Every line of the listing that holds the word "dest" should be returned.

+ + + + +

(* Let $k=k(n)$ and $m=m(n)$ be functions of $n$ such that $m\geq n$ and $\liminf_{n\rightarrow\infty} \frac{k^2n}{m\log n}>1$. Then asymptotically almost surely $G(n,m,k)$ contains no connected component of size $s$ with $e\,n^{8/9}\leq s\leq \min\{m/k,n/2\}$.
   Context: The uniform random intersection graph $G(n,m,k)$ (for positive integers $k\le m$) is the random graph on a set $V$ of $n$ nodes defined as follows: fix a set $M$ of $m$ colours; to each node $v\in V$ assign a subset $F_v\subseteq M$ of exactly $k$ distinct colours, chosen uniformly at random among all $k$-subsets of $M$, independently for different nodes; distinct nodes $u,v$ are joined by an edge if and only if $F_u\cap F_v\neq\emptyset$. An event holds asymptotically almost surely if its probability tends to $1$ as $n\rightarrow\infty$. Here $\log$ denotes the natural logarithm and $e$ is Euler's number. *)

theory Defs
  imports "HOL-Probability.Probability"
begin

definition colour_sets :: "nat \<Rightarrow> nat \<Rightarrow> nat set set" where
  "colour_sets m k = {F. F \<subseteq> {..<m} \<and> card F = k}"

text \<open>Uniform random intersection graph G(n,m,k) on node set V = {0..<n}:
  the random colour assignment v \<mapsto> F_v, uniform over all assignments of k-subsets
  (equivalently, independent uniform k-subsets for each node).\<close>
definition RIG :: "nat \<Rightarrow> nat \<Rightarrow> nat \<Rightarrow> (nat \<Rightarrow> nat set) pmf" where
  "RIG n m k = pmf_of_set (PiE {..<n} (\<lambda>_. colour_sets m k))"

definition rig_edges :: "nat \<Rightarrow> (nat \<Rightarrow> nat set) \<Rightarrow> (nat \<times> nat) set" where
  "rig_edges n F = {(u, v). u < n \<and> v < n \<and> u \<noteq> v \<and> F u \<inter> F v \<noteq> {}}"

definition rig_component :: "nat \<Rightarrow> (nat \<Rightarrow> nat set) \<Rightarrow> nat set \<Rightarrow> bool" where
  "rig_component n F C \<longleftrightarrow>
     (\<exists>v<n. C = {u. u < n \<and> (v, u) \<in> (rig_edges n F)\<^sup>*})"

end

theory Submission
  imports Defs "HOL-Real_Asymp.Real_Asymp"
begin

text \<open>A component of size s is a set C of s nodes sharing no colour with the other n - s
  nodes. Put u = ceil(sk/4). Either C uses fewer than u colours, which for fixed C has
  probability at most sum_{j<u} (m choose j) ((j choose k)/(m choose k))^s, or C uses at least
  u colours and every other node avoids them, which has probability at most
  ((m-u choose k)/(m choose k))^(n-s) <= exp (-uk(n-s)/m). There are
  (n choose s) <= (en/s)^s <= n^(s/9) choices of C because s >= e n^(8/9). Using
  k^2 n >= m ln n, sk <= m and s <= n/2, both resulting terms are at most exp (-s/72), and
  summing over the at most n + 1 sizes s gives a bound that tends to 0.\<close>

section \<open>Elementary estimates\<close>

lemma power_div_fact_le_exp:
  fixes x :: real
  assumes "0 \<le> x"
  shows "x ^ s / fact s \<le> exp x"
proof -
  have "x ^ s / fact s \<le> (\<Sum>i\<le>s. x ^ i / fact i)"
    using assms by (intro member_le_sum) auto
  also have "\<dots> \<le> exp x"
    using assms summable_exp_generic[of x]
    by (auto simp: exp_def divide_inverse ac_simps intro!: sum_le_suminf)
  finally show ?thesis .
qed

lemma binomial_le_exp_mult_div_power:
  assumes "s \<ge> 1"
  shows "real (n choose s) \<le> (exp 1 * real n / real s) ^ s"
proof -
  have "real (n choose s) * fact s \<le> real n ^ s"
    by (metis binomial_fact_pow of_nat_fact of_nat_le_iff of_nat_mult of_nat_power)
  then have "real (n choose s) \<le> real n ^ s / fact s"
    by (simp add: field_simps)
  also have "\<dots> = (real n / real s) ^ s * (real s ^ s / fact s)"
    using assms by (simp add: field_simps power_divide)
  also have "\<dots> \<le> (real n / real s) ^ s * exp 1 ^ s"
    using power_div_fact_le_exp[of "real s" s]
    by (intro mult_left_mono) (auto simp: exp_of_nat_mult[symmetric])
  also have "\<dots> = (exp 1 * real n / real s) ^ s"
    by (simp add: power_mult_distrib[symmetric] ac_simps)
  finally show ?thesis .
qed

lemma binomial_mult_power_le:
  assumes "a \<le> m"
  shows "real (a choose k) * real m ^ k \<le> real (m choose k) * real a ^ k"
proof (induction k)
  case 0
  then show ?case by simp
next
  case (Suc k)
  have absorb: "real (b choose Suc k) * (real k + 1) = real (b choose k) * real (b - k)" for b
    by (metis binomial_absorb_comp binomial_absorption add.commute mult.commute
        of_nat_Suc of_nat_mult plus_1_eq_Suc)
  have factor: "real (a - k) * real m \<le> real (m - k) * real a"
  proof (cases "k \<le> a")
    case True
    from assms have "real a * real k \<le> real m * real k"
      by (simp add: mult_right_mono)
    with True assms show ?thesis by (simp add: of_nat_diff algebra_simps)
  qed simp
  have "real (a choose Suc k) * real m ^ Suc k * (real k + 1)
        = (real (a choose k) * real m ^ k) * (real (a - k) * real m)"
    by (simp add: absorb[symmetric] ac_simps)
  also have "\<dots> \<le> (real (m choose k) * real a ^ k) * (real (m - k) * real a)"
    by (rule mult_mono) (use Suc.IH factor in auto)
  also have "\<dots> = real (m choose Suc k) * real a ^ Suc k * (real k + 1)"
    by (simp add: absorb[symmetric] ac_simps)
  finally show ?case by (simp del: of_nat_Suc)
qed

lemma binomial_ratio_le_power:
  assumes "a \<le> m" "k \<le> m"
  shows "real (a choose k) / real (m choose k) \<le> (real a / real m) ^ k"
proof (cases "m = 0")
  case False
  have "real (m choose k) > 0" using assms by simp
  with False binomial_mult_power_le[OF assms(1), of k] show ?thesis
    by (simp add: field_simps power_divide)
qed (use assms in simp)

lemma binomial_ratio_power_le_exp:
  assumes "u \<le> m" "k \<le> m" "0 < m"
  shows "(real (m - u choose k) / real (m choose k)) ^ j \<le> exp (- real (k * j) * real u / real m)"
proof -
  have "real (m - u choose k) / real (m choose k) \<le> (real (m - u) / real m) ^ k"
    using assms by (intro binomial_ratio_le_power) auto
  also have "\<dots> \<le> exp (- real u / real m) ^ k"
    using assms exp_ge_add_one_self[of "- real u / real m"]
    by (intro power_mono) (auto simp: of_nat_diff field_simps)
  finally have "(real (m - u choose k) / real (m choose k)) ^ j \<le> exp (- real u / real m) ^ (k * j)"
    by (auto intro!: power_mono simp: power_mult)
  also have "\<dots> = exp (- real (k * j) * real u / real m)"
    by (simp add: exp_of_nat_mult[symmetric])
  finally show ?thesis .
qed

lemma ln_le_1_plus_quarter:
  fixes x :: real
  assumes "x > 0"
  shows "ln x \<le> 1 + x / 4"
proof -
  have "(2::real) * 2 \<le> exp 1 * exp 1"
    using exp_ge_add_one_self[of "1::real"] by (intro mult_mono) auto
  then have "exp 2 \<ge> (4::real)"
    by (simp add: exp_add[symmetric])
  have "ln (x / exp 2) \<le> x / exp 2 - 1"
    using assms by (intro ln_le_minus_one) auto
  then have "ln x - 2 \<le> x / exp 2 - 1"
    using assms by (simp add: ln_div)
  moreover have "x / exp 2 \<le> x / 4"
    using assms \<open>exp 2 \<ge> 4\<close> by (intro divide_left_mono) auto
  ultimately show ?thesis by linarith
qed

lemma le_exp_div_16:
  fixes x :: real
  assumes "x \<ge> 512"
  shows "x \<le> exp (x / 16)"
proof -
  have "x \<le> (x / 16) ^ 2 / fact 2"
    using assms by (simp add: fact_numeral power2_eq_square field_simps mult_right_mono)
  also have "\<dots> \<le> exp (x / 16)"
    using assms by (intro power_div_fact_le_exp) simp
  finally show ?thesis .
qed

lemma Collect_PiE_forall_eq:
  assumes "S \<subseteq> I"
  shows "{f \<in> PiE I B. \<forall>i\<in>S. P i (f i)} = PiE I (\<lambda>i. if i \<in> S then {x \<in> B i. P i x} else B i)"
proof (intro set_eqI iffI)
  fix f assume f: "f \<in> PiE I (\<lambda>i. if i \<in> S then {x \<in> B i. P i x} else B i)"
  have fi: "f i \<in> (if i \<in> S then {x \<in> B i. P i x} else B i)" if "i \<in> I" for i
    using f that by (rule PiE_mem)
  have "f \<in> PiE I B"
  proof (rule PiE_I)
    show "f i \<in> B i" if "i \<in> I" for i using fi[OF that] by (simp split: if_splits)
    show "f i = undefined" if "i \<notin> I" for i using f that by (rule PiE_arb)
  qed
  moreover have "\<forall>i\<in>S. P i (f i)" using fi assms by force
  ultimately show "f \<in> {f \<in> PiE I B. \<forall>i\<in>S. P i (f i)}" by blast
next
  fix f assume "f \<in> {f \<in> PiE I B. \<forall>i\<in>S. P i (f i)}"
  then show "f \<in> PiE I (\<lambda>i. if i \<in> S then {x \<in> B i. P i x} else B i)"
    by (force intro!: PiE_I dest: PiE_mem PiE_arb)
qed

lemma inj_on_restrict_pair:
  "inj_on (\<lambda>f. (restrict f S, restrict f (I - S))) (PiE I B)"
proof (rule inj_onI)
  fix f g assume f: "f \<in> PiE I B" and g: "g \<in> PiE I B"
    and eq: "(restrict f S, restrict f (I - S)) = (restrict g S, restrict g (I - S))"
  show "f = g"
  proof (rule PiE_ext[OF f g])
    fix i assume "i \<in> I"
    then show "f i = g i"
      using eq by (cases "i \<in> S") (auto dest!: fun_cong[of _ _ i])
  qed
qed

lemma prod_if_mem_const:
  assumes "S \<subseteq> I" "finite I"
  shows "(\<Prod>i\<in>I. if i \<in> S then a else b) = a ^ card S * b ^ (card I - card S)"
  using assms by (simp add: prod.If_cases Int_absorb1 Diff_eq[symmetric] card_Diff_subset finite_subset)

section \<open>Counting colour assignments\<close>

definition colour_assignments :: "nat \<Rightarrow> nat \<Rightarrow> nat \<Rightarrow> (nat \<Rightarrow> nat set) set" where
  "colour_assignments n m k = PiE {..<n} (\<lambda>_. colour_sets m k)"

+ + + + +

▸ **TASK ANSWER**:
    by (force intro!: PiE_I dest: PiE_mem PiE_arb)
      using eq by (cases "i \<in> S") (auto dest!: fun_cong[of _ _ i])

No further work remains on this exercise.